Transformation of T0 plants was performed by inverting each plant into an Agrobacterium suspension such that the above ground plant tissue was submerged for 3-5 seconds. Each inoculated T0 plant was immediately placed in a plastic tray, then covered with clear plastic dome to maintain humidity and was kept in the dark at room temperature for 18 hours to facilitate infection and transformation. Transformed (transgenic) plants were then uncovered and transferred to a greenhouse for recovery and maturation. The transgenic T0 plants were grown in the greenhouse for 3-5 weeks until siliques were brown and dry, then seeds were harvested from plants and kept at room temperature until sowing.
For generating T1 and T2 transgenic plants harboring the genes, seeds collected from transgenic T0 plants were surface-sterilized by soaking in 70% ethanol for 1 minute, followed by soaking in 5% sodium hypochlorite and 0.05% triton for 5 minutes. The surface-sterilized seeds were thoroughly washed in sterile distilled water then placed on culture plates containing half-strength Murashig-Skoog (Duchefa); 2% sucrose; 0.8% plant agar; 50 mM kanamycin; and 200 mM carbenicylin (Duchefa). The culture plates were incubated at 4° C. for 48 hours then transferred to a growth room at 25° C. for an additional week of incubation. Vital T1 Arabidopsis plants were transferred to a fresh culture plates for another week of incubation. Following incubation the T1 plants were removed from culture plates and planted in growth mix contained in 250 ml pots. The transgenic plants were allowed to grow in a greenhouse to maturity. Seeds harvested from T1 plants were cultured and grown to maturity as T2 plants under the same conditions as used for culturing and growing the T1 plants.
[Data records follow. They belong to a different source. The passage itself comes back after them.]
(* Let $A$ be a positive word in the band generators with $e\le A\le\delta$. Then $A$ has no decomposition $A=BaCbD$ with $B,C,D$ positive words (possibly empty), $a,b$ band generators, and $(a,b)$ an obstructing pair.
   Context: $B_n$ is the $n$-string braid group with band generators $a_{ts}=(\sigma_{t-1}\cdots\sigma_{s+1})\sigma_s(\sigma_{s+1}^{-1}\cdots\sigma_{t-1}^{-1})$, $n\ge t>s\ge1$; $e$ is the identity, and a positive word is a word in positive powers of the $a_{ts}$. $\delta=a_{n(n-1)}\cdots a_{21}$. For $V,W\in B_n$, $V\le W$ means $W=P_1VP_2$ with $P_1,P_2$ represented by positive words. An ordered pair $(a,b)$ of band generators is an obstructing pair if, for some integers $n\ge t>s>r>q\ge1$, it is one of: (1) $(a_{tr},a_{sq})$; (2) $(a_{sq},a_{tr})$; (3) $(a_{sr},a_{ts})$; (4) $(a_{ts},a_{tr})$; (5) $(a_{tr},a_{sr})$; (6) $(a_{ts},a_{ts})$ (for cases (4)-(6) only the indices appearing matter). *)

theory Defs
  imports Main
begin

text \<open>Words in the Artin generators: a letter (i, True) is sigma_i, (i, False) is sigma_i inverse.\<close>
type_synonym sword = "(nat \<times> bool) list"

inductive braid_eq :: "nat \<Rightarrow> sword \<Rightarrow> sword \<Rightarrow> bool" for n :: nat where
  refl: "braid_eq n w w"
| sym: "braid_eq n u w \<Longrightarrow> braid_eq n w u"
| trans: "braid_eq n u v \<Longrightarrow> braid_eq n v w \<Longrightarrow> braid_eq n u w"
| ctxt: "braid_eq n u w \<Longrightarrow> braid_eq n (x @ u @ y) (x @ w @ y)"
| cancel: "1 \<le> i \<Longrightarrow> i < n \<Longrightarrow> braid_eq n [(i, b), (i, \<not> b)] []"
| comm: "1 \<le> i \<Longrightarrow> i < n \<Longrightarrow> 1 \<le> j \<Longrightarrow> j < n \<Longrightarrow> i + 2 \<le> j \<Longrightarrow>
          braid_eq n [(i, True), (j, True)] [(j, True), (i, True)]"
| braid: "1 \<le> i \<Longrightarrow> i + 1 < n \<Longrightarrow>
          braid_eq n [(i, True), (i+1, True), (i, True)] [(i+1, True), (i, True), (i+1, True)]"

text \<open>Band generator a_ts, encoded as the pair (t, s), valid when n >= t > s >= 1.\<close>
definition valid_band :: "nat \<Rightarrow> nat \<times> nat \<Rightarrow> bool" where
  "valid_band n a \<longleftrightarrow> n \<ge> fst a \<and> fst a > snd a \<and> snd a \<ge> 1"

text \<open>a_ts = (sigma_(t-1) ... sigma_(s+1)) sigma_s (sigma_(s+1)^-1 ... sigma_(t-1)^-1).\<close>
definition band_word :: "nat \<times> nat \<Rightarrow> sword" where
  "band_word a = (let t = fst a; s = snd a in
     map (\<lambda>i. (i, True)) (rev [s+1..<t]) @ [(s, True)] @ map (\<lambda>i. (i, False)) [s+1..<t])"

definition positive_word :: "nat \<Rightarrow> (nat \<times> nat) list \<Rightarrow> bool" where
  "positive_word n w \<longleftrightarrow> (\<forall>a \<in> set w. valid_band n a)"

definition expand :: "(nat \<times> nat) list \<Rightarrow> sword" where
  "expand w = concat (map band_word w)"

definition delta :: "nat \<Rightarrow> (nat \<times> nat) list" where
  "delta n = map (\<lambda>k. (k+1, k)) (rev [1..<n])"

definition braid_le :: "nat \<Rightarrow> sword \<Rightarrow> sword \<Rightarrow> bool" where
  "braid_le n V W \<longleftrightarrow> (\<exists>P1 P2. positive_word n P1 \<and> positive_word n P2 \<and>
      braid_eq n W (expand P1 @ V @ expand P2))"

definition obstructing :: "nat \<Rightarrow> nat \<times> nat \<Rightarrow> nat \<times> nat \<Rightarrow> bool" where
  "obstructing n a b \<longleftrightarrow>
     (\<exists>t s r q. n \<ge> t \<and> t > s \<and> s > r \<and> r > q \<and> q \<ge> 1 \<and>
        ((a = (t, r) \<and> b = (s, q)) \<or> (a = (s, q) \<and> b = (t, r))))
   \<or> (\<exists>t s r. n \<ge> t \<and> t > s \<and> s > r \<and> r \<ge> 1 \<and>
        ((a = (s, r) \<and> b = (t, s)) \<or> (a = (t, s) \<and> b = (t, r)) \<or> (a = (t, r) \<and> b = (s, r))))
   \<or> (\<exists>t s. n \<ge> t \<and> t > s \<and> s \<ge> 1 \<and> a = (t, s) \<and> b = (t, s))"

end

theory Submission
  imports Defs "HOL-Combinatorics.Transposition"
begin

text \<open>
  The permutation homomorphism from \<open>B\<^sub>n\<close> to \<open>S\<^sub>n\<close> sends \<open>a\<^sub>t\<^sub>s\<close> to the transposition
  \<open>(s t)\<close> and \<open>\<delta>\<close> to the \<open>n\<close>-cycle \<open>x \<mapsto> x - 1\<close>, \<open>1 \<mapsto> n\<close>; the exponent sum shows that every
  positive word equal to \<open>\<delta>\<close> has exactly \<open>n - 1\<close> letters. So if \<open>A \<le> \<delta>\<close> and
  \<open>A = B a C b D\<close>, the \<open>n\<close>-cycle is a product \<open>X \<tau>\<^sub>a Y \<tau>\<^sub>b Z\<close> of \<open>n - 1\<close> transpositions.
  Conjugating \<open>\<tau>\<^sub>a\<close> and \<open>\<tau>\<^sub>b\<close> to the right end (Hurwitz moves) writes \<open>\<delta> \<tau>\<^sub>b \<tau>\<^sub>a\<close> as a
  product of \<open>n - 3\<close> transpositions, whose orbits lie in the connected components of a
  graph with \<open>n - 3\<close> edges, hence there are at least three of them. But for an obstructing
  pair, \<open>\<delta> \<tau>\<^sub>b \<tau>\<^sub>a\<close> is again an \<open>n\<close>-cycle.
\<close>

section \<open>Permutation and exponent sum of a braid word\<close>

fun artin_perm :: "sword \<Rightarrow> nat \<Rightarrow> nat" where
  "artin_perm [] = id"
| "artin_perm ((i, _) # w) = transpose i (Suc i) \<circ> artin_perm w"

definition exp_sum :: "sword \<Rightarrow> int" where
  "exp_sum w = (\<Sum>(_, b) \<leftarrow> w. if b then 1 else -1)"

lemma artin_perm_append: "artin_perm (u @ w) = artin_perm u \<circ> artin_perm w"
  by (induction u rule: artin_perm.induct) (auto simp: comp_assoc)

lemma braid_eq_imp_artin_perm_eq: "braid_eq n u w \<Longrightarrow> artin_perm u = artin_perm w"
  by (induction rule: braid_eq.induct) (auto simp: artin_perm_append fun_eq_iff transpose_def)

lemma braid_eq_imp_exp_sum_eq: "braid_eq n u w \<Longrightarrow> exp_sum u = exp_sum w"
  by (induction rule: braid_eq.induct) (auto simp: exp_sum_def)

definition band_transp :: "nat \<times> nat \<Rightarrow> nat \<Rightarrow> nat" where
  "band_transp a = transpose (snd a) (fst a)"

fun band_perm :: "(nat \<times> nat) list \<Rightarrow> nat \<Rightarrow> nat" where
  "band_perm [] = id"
| "band_perm (a # L) = band_transp a \<circ> band_perm L"

lemma band_perm_append: "band_perm (L @ L') = band_perm L \<circ> band_perm L'"
  by (induction L) (auto simp: comp_assoc)

lemma band_word_Suc:
  "s < t \<Longrightarrow> band_word (Suc t, s) = (t, True) # band_word (t, s) @ [(t, False)]"
  by (simp add: band_word_def)

lemma artin_perm_band_word: "s < t \<Longrightarrow> artin_perm (band_word (t, s)) = transpose s t"
proof (induction t)
  case (Suc t)
  show ?case
  proof (cases "s = t")
    case True
    then show ?thesis by (simp add: band_word_def)
  next
    case False
    with Suc have "s < t" by simp
    then have "artin_perm (band_word (Suc t, s))
        = transpose t (Suc t) \<circ> transpose s t \<circ> transpose t (Suc t)"
      using Suc.IH by (simp add: band_word_Suc artin_perm_append comp_assoc)
    also have "\<dots> = transpose s (Suc t)"
      using \<open>s < t\<close> by (auto simp: fun_eq_iff transpose_def)
    finally show ?thesis .
  qed
qed simp

lemma exp_sum_band_word: "exp_sum (band_word a) = 1"
  by (simp add: band_word_def exp_sum_def Let_def comp_def sum_list_triv)

lemma artin_perm_expand: "positive_word n L \<Longrightarrow> artin_perm (expand L) = band_perm L"
  by (induction L) (auto simp: expand_def positive_word_def valid_band_def artin_perm_append
      artin_perm_band_word band_transp_def)

lemma exp_sum_expand: "exp_sum (expand L) = int (length L)"
proof (induction L)
  case (Cons a L)
  then show ?case
    using exp_sum_band_word[of a] by (simp add: expand_def exp_sum_def)
qed (simp add: expand_def exp_sum_def)

definition cycle_down :: "nat \<Rightarrow> nat \<Rightarrow> nat" where
  "cycle_down n x = (if x = 1 then n else if 2 \<le> x \<and> x \<le> n then x - 1 else x)"

lemma delta_Suc: "1 \<le> n \<Longrightarrow> delta (Suc n) = (Suc n, n) # delta n"
  by (simp add: delta_def)

lemma artin_perm_delta: "1 \<le> n \<Longrightarrow> artin_perm (expand (delta n)) = cycle_down n"
proof (induction n rule: nat_induct_at_least)
  case base
  then show ?case by (auto simp: delta_def expand_def cycle_down_def fun_eq_iff)
next
  case (Suc n)
  then have "artin_perm (expand (delta (Suc n))) = transpose n (Suc n) \<circ> cycle_down n"
    by (simp add: delta_Suc expand_def artin_perm_append artin_perm_band_word)
  also have "\<dots> = cycle_down (Suc n)"
    using Suc.hyps by (auto simp: transpose_def cycle_down_def fun_eq_iff)
  finally show ?case .
qed

lemma braid_eq_delta_invariants:
  assumes "positive_word n L" and "braid_eq n (expand (delta n)) (expand L)" and "1 \<le> n"
  shows "band_perm L = cycle_down n" and "length L + 1 = n"
proof -
  show "band_perm L = cycle_down n"
    using braid_eq_imp_artin_perm_eq[OF assms(2)]
    by (simp add: artin_perm_delta[OF assms(3)] artin_perm_expand[OF assms(1)])
  have "int (length (delta n)) = int (length L)"
    using braid_eq_imp_exp_sum_eq[OF assms(2)] by (simp add: exp_sum_expand)
  then show "length L + 1 = n"
    using assms(3) by (simp add: delta_def)
qed

section \<open>Hurwitz moves\<close>

lemma transpose_comp_transpose:
  "transpose a b \<circ> transpose i j = transpose (transpose a b i) (transpose a b j) \<circ> transpose a b"
  using transpose_comp_eq[of "transpose a b" "transpose a b i" "transpose a b j"] by simp

lemma band_transp_comp_band_transp:
  "band_transp a \<circ> band_transp e
     = band_transp (map_prod (band_transp a) (band_transp a) e) \<circ> band_transp a"
  unfolding band_transp_def fst_map_prod snd_map_prod by (rule transpose_comp_transpose)

lemma band_transp_comp_band_perm:
  "band_transp a \<circ> band_perm L
     = band_perm (map (map_prod (band_transp a) (band_transp a)) L) \<circ> band_transp a"
proof (induction L)
  case (Cons e L)
  let ?c = "map_prod (band_transp a) (band_transp a)"
  have "band_transp a \<circ> band_perm (e # L) = (band_transp a \<circ> band_transp e) \<circ> band_perm L"
    by (simp add: comp_assoc)
  also have "\<dots> = band_transp (?c e) \<circ> (band_transp a \<circ> band_perm L)"
    by (simp only: band_transp_comp_band_transp[of a e] comp_assoc)
  also have "\<dots> = band_perm (map ?c (e # L)) \<circ> band_transp a"
    by (simp only: Cons.IH list.map band_perm.simps comp_assoc)
  finally show ?case .
qed simp

lemma band_perm_move_right:
  "band_perm (X @ a # Y)
     = band_perm (X @ map (map_prod (band_transp a) (band_transp a)) Y) \<circ> band_transp a"
  by (simp add: band_perm_append band_transp_comp_band_perm comp_assoc)

section \<open>Connected components of a graph given by an edge list\<close>

definition linked :: "('a \<times> 'a) list \<Rightarrow> 'a \<Rightarrow> 'a \<Rightarrow> bool" where
  "linked M = equivclp (\<lambda>x y. (x, y) \<in> set M)"

lemma equivp_linked: "equivp (linked M)"
  by (simp add: linked_def)

lemma linked_edge: "(x, y) \<in> set M \<Longrightarrow> linked M x y"
  unfolding linked_def by (rule r_into_equivclp)

lemma linked_sym: "linked M x y \<Longrightarrow> linked M y x"
  unfolding linked_def by (rule equivclp_sym)

lemma linked_empty: "linked [] x y \<Longrightarrow> x = y"
  unfolding linked_def by (induction rule: equivclp_induct) simp_all

lemma linked_Cons: "linked M x y \<Longrightarrow> linked (e # M) x y"
  unfolding linked_def
proof (induction rule: equivclp_induct)
  case (step y z)
  then have "(y, z) \<in> set (e # M) \<or> (z, y) \<in> set (e # M)" by auto
  with step.IH show ?case by (rule equivclp_into_equivclp)
qed simp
Constitutive promoters allow continuous expression of genes regulated thereby throughout the plant. A widely used example for a constitutive promoter is the CaMV35S promoter from cauliflower mosaic virus (SEQ ID NO:777).
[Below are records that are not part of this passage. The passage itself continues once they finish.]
(* Let ${\bf u}\in\mathcal A^{\mathbb N}$ have its language closed under reversal. If $D({\bf u})>0$, then either there exists a non-palindromic factor $q$ of ${\bf u}$ such that $\Gamma(q)$ contains a cycle, or there exists a palindromic factor $q$ of ${\bf u}$ such that $\Theta(q)$ contains a cycle. Moreover, if the empty word is the unique factor $q$ with this property, then there exists a letter having a non-palindromic complete return word in ${\bf u}$.
   Context: $\widetilde w$ is the reversal of $w$; $w$ is a palindrome if $w=\widetilde w$; the language is closed under reversal if the reversal of every factor is a factor. Palindromic defect: for a finite word $w$ of length $n$, $D(w)=n+1-$(number of distinct palindromic factors of $w$, including the empty word), and $D({\bf u})=\sup D(w)$ over factors of ${\bf u}$. With $E^+(w)=\{b: wb\text{ factor}\}$, $E^-(w)=\{a: aw\text{ factor}\}$, $E(w)=\{(a,b): awb\text{ factor}\}$: $\Gamma(w)$ is the bipartite graph on $(E^-(w)\times\{-1\})\cup(E^+(w)\times\{+1\})$ with edges $\{(a,-1),(b,+1)\}$ for $(a,b)\in E(w)$; for palindromic $w$, $\Theta(w)$ is the graph on $E^+(w)$ with edges $\{a,b\}$ for $(a,b)\in E(w)$, $a\ne b$. If $i<j$ are consecutive occurrences of a factor $w$ in ${\bf u}=u_0u_1\cdots$, the word $u_i\cdots u_{j+|w|-1}$ is a complete return word to $w$. *)

theory Defs
  imports Main "HOL-Library.Extended_Nat" "HOL-Library.Sublist"
begin

definition occurs_at :: "(nat \<Rightarrow> 'a) \<Rightarrow> 'a list \<Rightarrow> nat \<Rightarrow> bool" where
  "occurs_at u w i \<longleftrightarrow> map u [i..<i + length w] = w"

definition is_factor :: "(nat \<Rightarrow> 'a) \<Rightarrow> 'a list \<Rightarrow> bool" where
  "is_factor u w \<longleftrightarrow> (\<exists>i. occurs_at u w i)"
One of the important requirements for an engineered plant is to activate the gene-of-interest in the right tissue or organ, and/or at the appropriate time (e.g., a certain developmental stage, under certain environmental conditions). For example, in order to influence a unique tissue such as seed, the gene-of-interest may be induced for expression (activated) at a certain developmental stage such as pre embryo fertilization, post fertilization, early or late embryogenesis. For example, to improve yield and/or oil content of a plant, the expression of the gene-of-interest may be regulated by a promoter having an expression pattern appropriate for seed development. Thus, the combination of a target gene with specific promoters such as developmental specific promoter (such as seed, carpel, stem, seedling) may increase the desired effect of the gene (e.g., improve yield and/or oil content) and may avoid undesired influence of the gene on other biological processes in other tissues, for example, cell structure, plant architecture.
The present inventors have isolated and validated novel developmental specific promoters from different stages of plant development and/or plant tissues, having different levels of gene expression. The following description summarizes the process of selection and cloning of the novel Arabidopsis promoters.
Cloning and analysis of promoters—The novel Arabidopsis promoters of the invention were selected based on the expression profile of the native genes positioned downstream (3′) to the promoter sequences (see Table 16, below).
thaliana]
Table 17, hereinbelow, provides the sequence identifiers of the novel promoters of the invention, along with the sequence identifiers of the genes and the polypeptides encoded thereby positioned downstream of the novel promoters of the invention.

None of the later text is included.